Silicon Insider: Learning From Terri Schiavo

If you think the Terri Schiavo case was painful and difficult, just wait until you see what's coming.

I have tried very hard not to get enmeshed in the Schiavo matter. I'm a technology writer, and decided early on to leave this kind of stuff to the political and cultural pundits. Besides, these big cultural stories -- OJ, Scott Peterson, Columbine, Michael Jackson, etc. -- take on a life of their own, such that amidst all of the screaming and the flying accusations, it's almost impossible to ferret out the real truth in the matter [although, ironically, I can say that the "finger in the Wendy's chili" story is real: my kids' godmother was next in line that night, and even saw the finger].

Yet such is the nature of these big tabloid stories that, no matter how much you try, it is almost impossible to escape them -- or to come to some sort of opinion on the matter. For example, without having any real first-hand knowledge of the case, nor any expertise in brain neurology whatsoever, I seem to have come to the contradictory conclusion that Schiavo was not entirely brain dead, that her husband was ghoulish in his pressing this matter forward so relentlessly and that her parents are kindly but delusional about their daughter's real condition.

Is any of this true? I haven't the foggiest idea. If I want to be really paranoid, or at least Humeian, I might even wonder if this story was even real at all, or just an intriguing plot scenario designed by screenwriters as a litmus to our true beliefs.
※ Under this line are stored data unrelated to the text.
(* For all $n,m$ and every distribution $\mathcal{D}$ supported on $[0,1]$, plurality is an $\alpha$-expected-welfare-maximizing rule for $\mathcal{D}$ with $\alpha=\max(\frac1m,\frac1n)$: for every preference profile $\sigma$, any alternative $p$ ranked first by the largest number of voters satisfies $\mathbb{E}[\mathrm{sw}(p,u)]\ge\max(\frac1m,\frac1n)\max_{j\in A}\mathbb{E}[\mathrm{sw}(j,u)]$.
   Context: There are $n$ voters and $m$ alternatives $A=\{1,\dots,m\}$. A preference profile $\sigma$ consists of a ranking of $A$ for each voter. Given $\mathcal{D}$ and $\sigma$, a random utility profile $u$ consistent with $\sigma$ is generated as follows: independently for each voter $i$, draw $m$ i.i.d. samples from $\mathcal{D}$ and assign them, from highest to lowest, to the alternatives in the order of voter $i$'s ranking. The social welfare of $j$ is $\mathrm{sw}(j,u)=\sum_i u_{ij}$; expectations are over $u$. *)

theory Defs
  imports "HOL-Probability.Probability"
begin

text \<open>Alternatives are 0,...,m-1, voters are 0,...,n-1.
  A preference profile is given by rank positions: r i j is the position
  (0 = top) of alternative j in voter i's ranking; each r i restricted to
  {0..<m} is a bijection onto {0..<m}.\<close>

definition is_profile :: "nat \<Rightarrow> nat \<Rightarrow> (nat \<Rightarrow> nat \<Rightarrow> nat) \<Rightarrow> bool" where
  "is_profile n m r \<longleftrightarrow> (\<forall>i<n. bij_betw (r i) {..<m} {..<m})"

definition sample_space :: "nat \<Rightarrow> nat \<Rightarrow> real measure \<Rightarrow> (nat \<times> nat \<Rightarrow> real) measure" where
  "sample_space n m D = PiM ({..<n} \<times> {..<m}) (\<lambda>_. D)"

definition util :: "nat \<Rightarrow> (nat \<Rightarrow> nat \<Rightarrow> nat) \<Rightarrow> (nat \<times> nat \<Rightarrow> real) \<Rightarrow> nat \<Rightarrow> nat \<Rightarrow> real" where
  "util m r x i j = rev (sort (map (\<lambda>k. x (i, k)) [0..<m])) ! r i j"

definition sw :: "nat \<Rightarrow> nat \<Rightarrow> (nat \<Rightarrow> nat \<Rightarrow> nat) \<Rightarrow> (nat \<times> nat \<Rightarrow> real) \<Rightarrow> nat \<Rightarrow> real" where
  "sw n m r x j = (\<Sum>i<n. util m r x i j)"

definition exp_sw :: "nat \<Rightarrow> nat \<Rightarrow> real measure \<Rightarrow> (nat \<Rightarrow> nat \<Rightarrow> nat) \<Rightarrow> nat \<Rightarrow> real" where
  "exp_sw n m D r j = integral\<^sup>L (sample_space n m D) (\<lambda>x. sw n m r x j)"

definition plurality_score :: "nat \<Rightarrow> (nat \<Rightarrow> nat \<Rightarrow> nat) \<Rightarrow> nat \<Rightarrow> nat" where
  "plurality_score n r j = card {i. i < n \<and> r i j = 0}"

end

theory Submission
  imports Defs
begin

text \<open>Let \<open>c\<close> be the expected maximum of \<open>m\<close> independent draws from \<open>D\<close>. The utilities
  of each voter are such draws, the largest one going to the top-ranked alternative, so each voter
  contributes between \<open>0\<close> and \<open>c\<close> to the expected welfare of any alternative and exactly
  \<open>c\<close> to that of the alternative it ranks first. Hence every alternative has expected welfare
  at most \<open>n c\<close>, while an alternative ranked first by \<open>s\<close> voters has expected welfare at
  least \<open>s c\<close>. As the \<open>m\<close> plurality scores sum to \<open>n\<close>, a plurality winner has
  \<open>s \<ge> n / m\<close>, and \<open>s \<ge> 1\<close> as \<open>n > 0\<close>.\<close>

lemma nth_insort_0: "insort a ys ! 0 = (case ys of [] \<Rightarrow> a | y # _ \<Rightarrow> min a y)"
  by (cases ys) (auto simp: min_def)

lemma nth_insort_sorted:
  fixes a :: "'a::linorder"
  assumes "sorted ys" "0 < k" "k < length ys"
  shows "insort a ys ! k = max (ys ! (k - 1)) (min a (ys ! k))"
  using assms
proof (induction ys arbitrary: k)
  case (Cons y ys)
  have mono: "(y # ys) ! (k - 1) \<le> (y # ys) ! k" "y \<le> (y # ys) ! (k - 1)"
    using sorted_nth_mono[OF Cons.prems(1), of _ k] sorted_nth_mono[OF Cons.prems(1), of 0 "k - 1"]
      Cons.prems(3) by auto
  show ?case
  proof (cases "a \<le> y")
    case True
    then show ?thesis using mono Cons.prems by (auto simp: max_def min_def)
  next
    case False
    show ?thesis
    proof (cases "k = 1")
      case True
      then obtain z zs where "ys = z # zs" using Cons.prems(3) by (cases ys) auto
      then show ?thesis using \<open>k = 1\<close> \<open>\<not> a \<le> y\<close> mono by (auto simp: max_def min_def)
    next
      case False
      then show ?thesis using Cons \<open>\<not> a \<le> y\<close> by simp
    qed
  qed
qed simp

lemma nth_insort_length:
  fixes a :: "'a::linorder"
  assumes "sorted ys" "ys \<noteq> []"
  shows "insort a ys ! length ys = max (last ys) a"
  using assms
proof (induction ys)
  case (Cons y ys)
  show ?case
  proof (cases "a \<le> y")
    case True
    have "insort a (y # ys) ! length (y # ys) = last (y # ys)"
      using True last_conv_nth[of "y # ys"] by simp
    moreover have "a \<le> last (y # ys)"
      using Cons.prems(1) True last_in_set[of "y # ys"] by (auto simp del: last.simps)
    ultimately show ?thesis by (simp only: max_absorb1)
  next
    case False
    then show ?thesis using Cons by (cases "ys = []") auto
  qed
qed simp

lemma sort_Nil_iff: "sort xs = [] \<longleftrightarrow> xs = []"
  by (metis length_0_conv length_sort)

lemma borel_measurable_sort_nth:
  fixes fs :: "('a \<Rightarrow> 'b::{linorder_topology, second_countable_topology}) list"
  assumes "\<And>f. f \<in> set fs \<Longrightarrow> f \<in> borel_measurable M" "k < length fs"
  shows "(\<lambda>x. sort (map (\<lambda>f. f x) fs) ! k) \<in> borel_measurable M"
  using assms
proof (induction fs arbitrary: k)
  case (Cons f fs)
  define ys where "ys x = sort (map (\<lambda>f. f x) fs)" for x
  have f: "f \<in> borel_measurable M"
    and ys: "\<And>q. q < length fs \<Longrightarrow> (\<lambda>x. ys x ! q) \<in> borel_measurable M"
    using Cons by (auto simp: ys_def)
  have sort_Cons: "sort (map (\<lambda>f. f x) (f # fs)) = insort (f x) (ys x)" for x
    by (simp add: ys_def)
  consider "k = 0" "fs = []" | "k = 0" "fs \<noteq> []" | "0 < k" "k < length fs" | "0 < k" "k = length fs"
    using Cons.prems(2) by fastforce
  then show ?case
  proof cases
    case 1
    then show ?thesis using f by (simp add: ys_def)
  next
    case 2
    then have "sort (map (\<lambda>f. f x) (f # fs)) ! k = min (f x) (ys x ! 0)" for x
      unfolding sort_Cons nth_insort_0 by (cases "ys x") (auto simp: ys_def sort_Nil_iff)
    then show ?thesis using 2 f ys by simp
  next
    case 3
    then show ?thesis using f ys by (simp add: sort_Cons nth_insort_sorted ys_def)
  next
    case 4
    then have "sort (map (\<lambda>f. f x) (f # fs)) ! k = max (ys x ! (length fs - 1)) (f x)" for x
      unfolding sort_Cons using nth_insort_length[of "ys x" "f x"]
      by (auto simp: ys_def last_conv_nth sort_Nil_iff)
    then show ?thesis using 4 f ys by simp
  qed
qed simp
In fact, all of these big sensational stories that regularly capture the nation's imagination seem in fact to be test cases to prepare us for major crises to come, and as synecdoche for our deepest fears for a changing world. That's why, despite our resistance, we find ourselves drawn into the national debate, our emotions growing hot over people we've never met facing medical and legal challenges we don't really understand.

Precursor of Things to Come?

In that respect, these tabloid cases may actually have a salutary purpose: they are early warning systems for what we really fear is coming. Thus, the OJ trial was about the dangerous and growing cult of celebrity in America, however minor the celebrity, though the defense team skillfully managed to turn it into a barometer of the jurors' greatest fear: race. The Scott Peterson case was about the vulnerability of modern motherhood, Columbine was our fear of what our teenagers were doing home alone in front of their computer screens, and Michael Jackson is about celebrity and the lost innocence of modern childhood.

And Terri Schiavo? Of course it was about the pretty young woman in the photographs who morphed into the sad, perhaps empty, shell of a human being staring slack-jawed and empty-eyed at an incomprehensible world. But it was deeper than that. I think it was also about our fear of the mercilessness of technology and our dread of what lies in the near future.